I picked this bench top drill press up at a garage sale a while back. I don't see a HP rating on it. All I see is Model 10 Motorized Variable Speed Drill Press. No 31-210. 120 VAC 25-60 Hz 3.0 A.

So i really don't know what all of the voltage #'s above mean, but I'm needing to replace the chuck and was wondering if andone here knows how to do that or if there is a way to beef it up at all? It may be the chuck, but I have been able to stop the bit from turning if I didn't go really slow through a 2x4.


----------



## MattS (Feb 17, 2010)

If the bit is slipping in the chuck, you might try using a very small piece of pipe (or some channel locks) when you tighten it to give you leverage on the key - and be sure you tighten it on two of the chuck holes, not just one. I'd say going through a 2x4 you might have the belt set to turn the chuck very slowly if the bit is slipping even when tightened loosely, honestly. Speed up the ratio, and make sure you have a sharp bit, and make sure you honestly have the chuck tight, and don't go all-at-once when you control the rate of drilling. I doubt you'd just slam it down and throw your shoulder into the crank, but if you are, don't blame the tool! 

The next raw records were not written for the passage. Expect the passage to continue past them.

(* Let $n$ be odd. The permutation representation of $S_n$ over $\mathbb{C}$ arising from the action of $S_n$ (by $\pi\cdot S=\pi(S)$) on the set of even-sized subsets of $\{1,\dots,n\}$ does not unite conjugacy classes.
   Context: A representation $T$ of $G$ unites conjugacy classes if there are non-conjugate $\sigma,\tau\in G$ with $T(\sigma),T(\tau)$ similar matrices. *)

theory Defs
  imports Complex_Main "HOL-Combinatorics.Permutations"
begin

text \<open>Square complex matrices whose rows and columns are indexed by a finite set X,
  represented as functions X => X => complex (entries outside X are irrelevant).\<close>

definition mat_mult_on :: "'i set \<Rightarrow> ('i \<Rightarrow> 'i \<Rightarrow> complex) \<Rightarrow> ('i \<Rightarrow> 'i \<Rightarrow> complex) \<Rightarrow> ('i \<Rightarrow> 'i \<Rightarrow> complex)" where
  "mat_mult_on X A B = (\<lambda>i j. \<Sum>k\<in>X. A i k * B k j)"

definition mat_id_on :: "'i set \<Rightarrow> 'i \<Rightarrow> 'i \<Rightarrow> complex" where
  "mat_id_on X = (\<lambda>i j. if i = j then 1 else 0)"

definition mat_eq_on :: "'i set \<Rightarrow> ('i \<Rightarrow> 'i \<Rightarrow> complex) \<Rightarrow> ('i \<Rightarrow> 'i \<Rightarrow> complex) \<Rightarrow> bool" where
  "mat_eq_on X A B \<longleftrightarrow> (\<forall>i\<in>X. \<forall>j\<in>X. A i j = B i j)"

definition similar_on :: "'i set \<Rightarrow> ('i \<Rightarrow> 'i \<Rightarrow> complex) \<Rightarrow> ('i \<Rightarrow> 'i \<Rightarrow> complex) \<Rightarrow> bool" where
  "similar_on X A B \<longleftrightarrow> (\<exists>P Q.
      mat_eq_on X (mat_mult_on X P Q) (mat_id_on X) \<and>
      mat_eq_on X (mat_mult_on X Q P) (mat_id_on X) \<and>
      mat_eq_on X (mat_mult_on X (mat_mult_on X P A) Q) B)"

definition conj_Sn :: "nat \<Rightarrow> (nat \<Rightarrow> nat) \<Rightarrow> (nat \<Rightarrow> nat) \<Rightarrow> bool" where
  "conj_Sn n \<sigma> \<tau> \<longleftrightarrow> (\<exists>g. g permutes {1..n} \<and> \<tau> = g \<circ> \<sigma> \<circ> inv g)"

definition unites_conj_classes :: "nat \<Rightarrow> 'i set \<Rightarrow> ((nat \<Rightarrow> nat) \<Rightarrow> 'i \<Rightarrow> 'i \<Rightarrow> complex) \<Rightarrow> bool" where
  "unites_conj_classes n X T \<longleftrightarrow> (\<exists>\<sigma> \<tau>. \<sigma> permutes {1..n} \<and> \<tau> permutes {1..n} \<and>
      \<not> conj_Sn n \<sigma> \<tau> \<and> similar_on X (T \<sigma>) (T \<tau>))"

definition even_subsets :: "nat \<Rightarrow> nat set set" where
  "even_subsets n = {S. S \<subseteq> {1..n} \<and> even (card S)}"

definition even_subset_rep :: "(nat \<Rightarrow> nat) \<Rightarrow> nat set \<Rightarrow> nat set \<Rightarrow> complex" where
  "even_subset_rep \<pi> = (\<lambda>S R. if S = \<pi> ` R then 1 else 0)"

end

(*
  Similar matrices have equal traces of all powers, and the trace of the k-th power of the
  permutation matrix of \<sigma> counts the even-sized subsets fixed by \<sigma>^k.  As n is odd,
  complementation exchanges fixed sets of even and odd size, so this count is half the number
  2^c of all fixed subsets, c being the number of cycles of \<sigma>^k.  A cycle of length d of \<sigma>
  splits into gcd d k cycles of \<sigma>^k, so the representation determines the sums of gcd d k over
  the cycle lengths d of \<sigma>, for every k > 0.  Since gcd d k is the sum of totient m over the
  common divisors m, Moebius-style inversion recovers, for every m, the number of cycles whose
  length is a multiple of m, and from these the cycle type.  Permutations of equal cycle type
  are conjugate.
*)
theory Submission
  imports Defs "HOL-Combinatorics.Orbits" "HOL-Combinatorics.Cycles"
    "HOL-Library.Multiset" "HOL-Number_Theory.Totient"
begin

section \<open>Matrices indexed by a finite set\<close>


definition mat_trace_on :: "'i set \<Rightarrow> ('i \<Rightarrow> 'i \<Rightarrow> complex) \<Rightarrow> complex" where
  "mat_trace_on X A = (\<Sum>i\<in>X. A i i)"

fun mat_pow_on :: "'i set \<Rightarrow> ('i \<Rightarrow> 'i \<Rightarrow> complex) \<Rightarrow> nat \<Rightarrow> 'i \<Rightarrow> 'i \<Rightarrow> complex" where
  "mat_pow_on X A 0 = mat_id_on X"
| "mat_pow_on X A (Suc k) = mat_mult_on X A (mat_pow_on X A k)"

lemma mat_eq_on_refl [simp]: "mat_eq_on X A A"
  by (simp add: mat_eq_on_def)

lemma mat_eq_on_sym: "mat_eq_on X A B \<Longrightarrow> mat_eq_on X B A"
  by (simp add: mat_eq_on_def)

I've seen all of the above done, in shops in the past, so don't take this post as a personal accusation! Just sharing what I can


----------



## xd_haze (Feb 1, 2011)

You should be able to replace the chuck. I think there is usually a screw inside the chuck that secures it to the shaft, and then it screws off.

mike



MattS said:


> If the bit is slipping in the chuck, you might try using a very small piece of pipe (or some channel locks) when you tighten it to give you leverage on the key - and be sure you tighten it on two of the chuck holes, not just one. I'd say going through a 2x4 you might have the belt set to turn the chuck very slowly if the bit is slipping even when tightened loosely, honestly. Speed up the ratio, and make sure you have a sharp bit, and make sure you honestly have the chuck tight, and don't go all-at-once when you control the rate of drilling. I doubt you'd just slam it down and throw your shoulder into the crank, but if you are, don't blame the tool!
> 
> I've seen all of the above done, in shops in the past, so don't take this post as a personal accusation! Just sharing what I can


----------